面前的闞老板還在教導著兒子不要成日想著故人,可是說著說著,自己卻先抑制不住悲傷,眼中含淚,幾次都要泣不成聲。
已經故去的“闞景”又何嘗不是他最偏愛的大兒子,那孩子自小便聰敏好學、才華出眾,長輩間有哪個是不喜的?
可是偏偏就遇上了這樣的事,他一死,不僅讓父母肝腸寸斷,更是讓活下來的闞嘉從此患上了心疾。二十年來,不過是以那些昂貴的藥材吊著一條命,至今仍無痊愈之望。
眼看著自己的兩個兒子都要因為當年那場禍事喪命,闞老板這個當父親的又該如何平復心情?有時候他甚至想用一把火將那畫像燒了,可是那又能如何?即便看不到那幅畫,亡者仍在心中。
風與撐著傘站在一旁,看了這樣的場景,又不由將目光投向了身邊的阿嘉。她還是習慣叫他“阿嘉”,哪怕他才是真正的闞景,但二十年前分別之后,當弟弟的便已經頂替哥哥活了下去,如今烙印在兩人身上的是屬于彼此的名字,痕跡太深無法改變。
說到最后,闞老板怕是也忘了自己是來勸兒子不要冷落新婦的,竟然半句都未提馮氏,深深嘆了口氣便又出了門。
他不過是一介凡人,自然瞧不見妖魔鬼神。而闞景卻不同,自打兄長的亡魂出現在這房中,哪怕中途有父親進來,他的目光也會時不時地投向亡兄。
直到父親踏出房門,屋子里只剩下了他們三人,他終于得以轉過身正視著阿嘉。兩兄弟時隔二十年再見,哥哥是一臉波瀾不驚的笑容,眼底卻不乏欣慰,像是在感慨弟弟長大成人之后如此出眾謙遜。相對的,弟弟卻難掩震驚,幾次張口都未說出話來。
二十年了,他對兄長的思念甚至已經化為心疾,拖垮了他的身體。但當他真的看到兄長再次出現在自己面前時,這二十年來的痛苦與哀思最終只凝成兩行清淚順著臉頰流下,一時竟哽咽無言。
他們誰也不說話,到最后,還是風與先開了口。

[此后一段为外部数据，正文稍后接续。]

(* Let $G$ be the Halin graph built from the tree $T$ consisting of a centre $v_0$ adjacent to four vertices $v_1,v_2,v_3,v_4$, each $v_i$ having exactly two further neighbours (leaves) $v_{i1},v_{i2}$, with the eight leaves joined by the cycle $v_{11}v_{12}v_{21}v_{22}v_{31}v_{32}v_{41}v_{42}v_{11}$. For each edge $vw$ let $L(vw)=\{1,2,\ldots,\max(\deg(v),\deg(w))\}$ (so the four edges at $v_0$ get $\{1,2,3,4\}$ and all other edges get $\{1,2,3\}$). Then $G$ has no $L$-edge-colouring. Consequently the constant $4$ in the hypothesis $|L(vw)|\ge\max(\deg(v),\deg(w),4)$ of the list-colouring lemma for Halin graphs cannot be removed.
   Context: An $L$-edge-colouring is a map $\mathcal{C}$ on $E(G)$ with $\mathcal{C}(e)\in L(e)$ for every edge $e$ and with edges sharing an endpoint receiving different colours. A Halin graph is obtained by taking a planar embedding of a tree with no vertices of degree $2$ and adding a cycle through all its leaves in the cyclic order of the embedding. *)

theory Defs
  imports Main
begin

text \<open>Vertices of the tree T: the centre v0, the four middle vertices v1..v4
  (Mid i), and the leaves v_ij (Leaf i j), i in 1..4, j in 1..2.\<close>
datatype vtx = Centre | Mid nat | Leaf nat nat

definition tree_edges :: "vtx set set" where
  "tree_edges =
     {{Centre, Mid i} | i. i \<in> {1..4}} \<union>
     {{Mid i, Leaf i j} | i j. i \<in> {1..4} \<and> j \<in> {1,2}}"

definition leaf_cycle :: "vtx list" where
  "leaf_cycle = [Leaf 1 1, Leaf 1 2, Leaf 2 1, Leaf 2 2,
                 Leaf 3 1, Leaf 3 2, Leaf 4 1, Leaf 4 2]"

definition cycle_edges :: "vtx set set" where
  "cycle_edges = {{leaf_cycle ! k, leaf_cycle ! ((k + 1) mod 8)} | k. k < 8}"

definition halin_G :: "vtx set set" where
  "halin_G = tree_edges \<union> cycle_edges"

definition degree :: "'v set set \<Rightarrow> 'v \<Rightarrow> nat" where
  "degree E v = card {e \<in> E. v \<in> e}"

definition L_lists :: "vtx set \<Rightarrow> nat set" where
  "L_lists e = {1 .. Max (degree halin_G ` e)}"

definition is_L_edge_colouring ::
  "'v set set \<Rightarrow> ('v set \<Rightarrow> 'c set) \<Rightarrow> ('v set \<Rightarrow> 'c) \<Rightarrow> bool" where
  "is_L_edge_colouring E L C \<longleftrightarrow>
     (\<forall>e\<in>E. C e \<in> L e) \<and>
     (\<forall>e\<in>E. \<forall>f\<in>E. e \<noteq> f \<and> e \<inter> f \<noteq> {} \<longrightarrow> C e \<noteq> C f)"

end

theory Submission imports Defs begin

text \<open>The four edges at the centre carry all of the colours 1, 2, 3, 4. Let \<open>w\<close> be the
  middle vertex whose edge to the centre has colour 4, and let \<open>a \<in> {1,2,3}\<close> be the colour of
  another edge at \<open>w\<close>. Every vertex other than the centre and \<open>w\<close> has three edges coloured
  from \<open>{1,2,3}\<close>, so it sees every one of these colours. Hence colour \<open>a\<close> occurs at all
  13 vertices, i.e. its colour class is a perfect matching of a graph of odd order.\<close>

lemma colour_class_pairwise_disjnt:
  assumes "is_L_edge_colouring E L C"
  shows "pairwise disjnt {e \<in> E. C e = a}"
  using assms unfolding is_L_edge_colouring_def pairwise_def disjnt_def by blast

lemma even_card_Union_colour_class:
  assumes "finite E" and "\<forall>e\<in>E. card e = 2" and "is_L_edge_colouring E L C"
  shows "even (card (\<Union>{e \<in> E. C e = a}))"
proof -
  have "card (\<Union>{e \<in> E. C e = a}) = (\<Sum>e \<in> {e \<in> E. C e = a}. card e)"
    using assms by (intro card_Union_disjoint colour_class_pairwise_disjnt) (auto intro: card_ge_0_finite)
  also have "\<dots> = 2 * card {e \<in> E. C e = a}"
    using assms(2) by simp
  finally show ?thesis by simp
qed

lemma colouring_inj_on_edges_at:
  assumes "is_L_edge_colouring E L C"
  shows "inj_on C {e \<in> E. v \<in> e}"
  using assms unfolding is_L_edge_colouring_def inj_on_def by blast

lemma colour_occurs_at_vertex:
  assumes "is_L_edge_colouring E L C" and "finite K"
    and "\<forall>e\<in>E. v \<in> e \<longrightarrow> C e \<in> K" and "card K \<le> degree E v" and "a \<in> K"
  shows "\<exists>e\<in>E. v \<in> e \<and> C e = a"
proof -
  have sub: "C ` {e \<in> E. v \<in> e} \<subseteq> K"
    using assms(3) by blast
  have "card (C ` {e \<in> E. v \<in> e}) = degree E v"
    unfolding degree_def by (rule card_image[OF colouring_inj_on_edges_at[OF assms(1)]])
  then have "C ` {e \<in> E. v \<in> e} = K"
    using card_subset_eq[OF assms(2) sub] card_mono[OF assms(2) sub] assms(4) by simp
  then show ?thesis
    using assms(5) by blast
qed

definition halin_edge_list :: "vtx set list" where
  "halin_edge_list =
    [{Centre, Mid 1}, {Centre, Mid 2}, {Centre, Mid 3}, {Centre, Mid 4},
     {Mid 1, Leaf 1 1}, {Mid 1, Leaf 1 2}, {Mid 2, Leaf 2 1}, {Mid 2, Leaf 2 2},
     {Mid 3, Leaf 3 1}, {Mid 3, Leaf 3 2}, {Mid 4, Leaf 4 1}, {Mid 4, Leaf 4 2},
     {Leaf 1 1, Leaf 1 2}, {Leaf 1 2, Leaf 2 1}, {Leaf 2 1, Leaf 2 2}, {Leaf 2 2, Leaf 3 1},
     {Leaf 3 1, Leaf 3 2}, {Leaf 3 2, Leaf 4 1}, {Leaf 4 1, Leaf 4 2}, {Leaf 4 2, Leaf 1 1}]"

lemma atLeastAtMost_1_4_nat: "{1..4::nat} = {1, 2, 3, 4}"
  by (auto simp: numeral_eq_Suc)

lemma tree_edges_eq: "tree_edges = set (take 12 halin_edge_list)"
proof -
  have centre_edges: "{{Centre, Mid i} | i. i \<in> {1..4}} = (\<lambda>i. {Centre, Mid i}) ` {1, 2, 3, 4}"
    unfolding atLeastAtMost_1_4_nat by blast
  have leaf_edges: "{{Mid i, Leaf i j} | i j. i \<in> {1..4} \<and> j \<in> {1, 2}}
      = (\<lambda>(i, j). {Mid i, Leaf i j}) ` ({1, 2, 3, 4} \<times> {1, 2})"
    unfolding atLeastAtMost_1_4_nat by (auto simp del: insert_iff; auto)
  show ?thesis
    unfolding tree_edges_def centre_edges leaf_edges halin_edge_list_def by auto
qed

lemma cycle_edges_eq: "cycle_edges = set (drop 12 halin_edge_list)"
proof -
  have "cycle_edges = (\<lambda>k. {leaf_cycle ! k, leaf_cycle ! ((k + 1) mod 8)}) ` set [0..<8]"
    unfolding cycle_edges_def by auto
  then show ?thesis by (simp add: halin_edge_list_def leaf_cycle_def upt_rec insert_commute)
qed

lemma halin_G_eq: "halin_G = set halin_edge_list"
  unfolding halin_G_def tree_edges_eq cycle_edges_eq set_append[symmetric] append_take_drop_id ..

lemma finite_halin_G: "finite halin_G"
  by (simp add: halin_G_eq)

lemma card_halin_G_edge: "\<forall>e\<in>halin_G. card e = 2"
  by (simp add: halin_G_eq halin_edge_list_def)

lemma Union_halin_G:
  "\<Union>halin_G = {Centre, Mid 1, Mid 2, Mid 3, Mid 4, Leaf 1 1, Leaf 1 2, Leaf 2 1, Leaf 2 2,
                 Leaf 3 1, Leaf 3 2, Leaf 4 1, Leaf 4 2}"
  by (auto simp: halin_G_eq halin_edge_list_def)

lemma card_Union_halin_G: "card (\<Union>halin_G) = 13"
  by (simp add: Union_halin_G)

lemma degree_halin_G:
  assumes "v \<in> \<Union>halin_G"
  shows "degree halin_G v = (if v = Centre then 4 else 3)"
  using assms unfolding Union_halin_G degree_def halin_G_eq set_filter[symmetric] card_set
  by (auto simp: halin_edge_list_def doubleton_eq_iff)

lemma L_lists_halin_G:
  assumes "e \<in> halin_G"
  shows "L_lists e = (if Centre \<in> e then {1..4} else {1..3})"
proof -
  have "degree halin_G ` e = (\<lambda>v. if v = Centre then 4 else 3) ` e"
    using assms by (intro image_cong refl) (metis UnionI degree_halin_G)
  moreover obtain x y where "e = {x, y}" "x \<noteq> y"
    using assms card_halin_G_edge by (meson card_2_iff)
  ultimately show ?thesis
    by (auto simp: L_lists_def)
qed

lemma edge_at_Centre_eq:
  assumes "e \<in> halin_G" and "Centre \<in> e" and "v \<in> e" and "v \<noteq> Centre"
  shows "e = {Centre, v}"
  using assms card_halin_G_edge by (force simp: card_2_iff)

lemma halin_colouring_centre_edge_colour:
  assumes "is_L_edge_colouring halin_G L_lists C" and "e \<in> halin_G" and "Centre \<in> e"
  shows "C e \<in> {1..4}"
  using assms L_lists_halin_G[OF assms(2)] unfolding is_L_edge_colouring_def by force

lemma halin_colouring_other_edge_colour:
  assumes "is_L_edge_colouring halin_G L_lists C" and "e \<in> halin_G" and "Centre \<notin> e"
  shows "C e \<in> {1..3}"
  using assms L_lists_halin_G[OF assms(2)] unfolding is_L_edge_colouring_def by force

lemma halin_colouring_centre_edge_4:
  assumes col: "is_L_edge_colouring halin_G L_lists C"
  obtains w where "{Centre, w} \<in> halin_G" "w \<noteq> Centre" "C {Centre, w} = 4"
proof -
  have "\<exists>e\<in>halin_G. Centre \<in> e \<and> C e = 4"
    using halin_colouring_centre_edge_colour[OF col]
    by (intro colour_occurs_at_vertex[OF col, of "{1..4}"]) (auto simp: degree_halin_G Union_halin_G)
  then obtain e where e: "e \<in> halin_G" "Centre \<in> e" "C e = 4"
    by blast
  moreover obtain w where "w \<in> e" "w \<noteq> Centre"
    using e card_halin_G_edge by (metis card_2_iff insertCI)
  ultimately show ?thesis
    using that edge_at_Centre_eq by metis
qed

lemma halin_colouring_colour_at_vertex:
  assumes col: "is_L_edge_colouring halin_G L_lists C"
    and w: "{Centre, w} \<in> halin_G" "C {Centre, w} = 4"
    and v: "v \<in> \<Union>halin_G" "v \<noteq> Centre" "v \<noteq> w" and "a \<in> {1..3}"
  shows "\<exists>e\<in>halin_G. v \<in> e \<and> C e = a"
proof (rule colour_occurs_at_vertex[OF col, of "{1..3}"])
  show "\<forall>g\<in>halin_G. v \<in> g \<longrightarrow> C g \<in> {1..3}"
  proof (intro ballI impI)
    fix g assume g: "g \<in> halin_G" "v \<in> g"
    show "C g \<in> {1..3}"
    proof (cases "Centre \<in> g")
      case True
      then have "g \<noteq> {Centre, w}"
        using edge_at_Centre_eq[OF g(1) True g(2) v(2)] v(3) by (auto simp: doubleton_eq_iff)
      moreover have "g \<inter> {Centre, w} \<noteq> {}"
        using True by blast
      ultimately have "C g \<noteq> 4"
        using col g(1) w unfolding is_L_edge_colouring_def by metis
      then show ?thesis
        using halin_colouring_centre_edge_colour[OF col g(1) True] by auto
    qed (use halin_colouring_other_edge_colour[OF col g(1)] in simp)
  qed
qed (use v assms(7) in \<open>auto simp: degree_halin_G\<close>)

lemma halin_colouring_colour_everywhere:
  assumes col: "is_L_edge_colouring halin_G L_lists C"
  shows "\<exists>a. \<forall>v\<in>\<Union>halin_G. \<exists>e\<in>halin_G. v \<in> e \<and> C e = a"
proof -
  obtain w where w: "{Centre, w} \<in> halin_G" "w \<noteq> Centre" "C {Centre, w} = 4"
    using halin_colouring_centre_edge_4[OF col] .
  then have "degree halin_G w = 3"
    using degree_halin_G[of w] by auto
  then have "\<not> {g \<in> halin_G. w \<in> g} \<subseteq> {{Centre, w}}"
    using card_mono[of "{{Centre, w}}" "{g \<in> halin_G. w \<in> g}"] by (auto simp: degree_def)
  then obtain f where f: "f \<in> halin_G" "w \<in> f" "f \<noteq> {Centre, w}"
    by blast
  then have a: "C f \<in> {1..3}"
    using halin_colouring_other_edge_colour[OF col f(1)] edge_at_Centre_eq[OF f(1) _ f(2) w(2)]
    by blast
  have "\<exists>e\<in>halin_G. v \<in> e \<and> C e = C f" if v: "v \<in> \<Union>halin_G" for v
  proof -
    consider "v = Centre" | "v = w" | "v \<noteq> Centre" "v \<noteq> w" by blast
    then show ?thesis
    proof cases
      case 1
      then show ?thesis
        using halin_colouring_centre_edge_colour[OF col] a
        by (intro colour_occurs_at_vertex[OF col, of "{1..4}"]) (auto simp: degree_halin_G Union_halin_G)
    qed (use f halin_colouring_colour_at_vertex[OF col w(1,3) v _ _ a] in blast)+
  qed
  then show ?thesis by blast
qed

theorem mainTheorem11:
  shows "\<not> (\<exists>C :: vtx set \<Rightarrow> nat. is_L_edge_colouring halin_G L_lists C)"
proof
  assume "\<exists>C :: vtx set \<Rightarrow> nat. is_L_edge_colouring halin_G L_lists C"
  then obtain C :: "vtx set \<Rightarrow> nat" where col: "is_L_edge_colouring halin_G L_lists C"
    by blast
  then obtain a where "\<forall>v\<in>\<Union>halin_G. \<exists>e\<in>halin_G. v \<in> e \<and> C e = a"
    using halin_colouring_colour_everywhere by blast
  then have "\<Union>{e \<in> halin_G. C e = a} = \<Union>halin_G"
    by blast
  moreover have "even (card (\<Union>{e \<in> halin_G. C e = a}))"
    using even_card_Union_colour_class[OF finite_halin_G card_halin_G_edge col] .
  ultimately show False
    by (simp add: card_Union_halin_G)
qed

end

她拿出了自己的名冊看了一眼,確認那上面沒有闞景或闞嘉的名字,這才說道,“你本不該由我收服管轄,但是陰司也有陰司的規矩。”
她仔細打量著闞景那一臉的病容,話卻還是對阿嘉說的,“在陰司,亡魂最大的錯處便是干涉生人的生活。就算你什么都沒有做,他還是因你而短命,與你脫不了干系。”
從見到闞景所畫的那幅畫開始,她就該明白了,原來自己并沒有錯。亡魂無法化形,這是陰司不可違背的規律,任何人都不能打破。
除非那人還有個執念極深的雙生兄弟。
有人說,雙生子本是一體。而闞景和闞嘉自小便心意相通,感情深厚,其中一個人遭受的苦難與喜樂,另一人也會感同身受。二十年前的那場大火帶走的何止是闞景一人,還有闞嘉的大半條命。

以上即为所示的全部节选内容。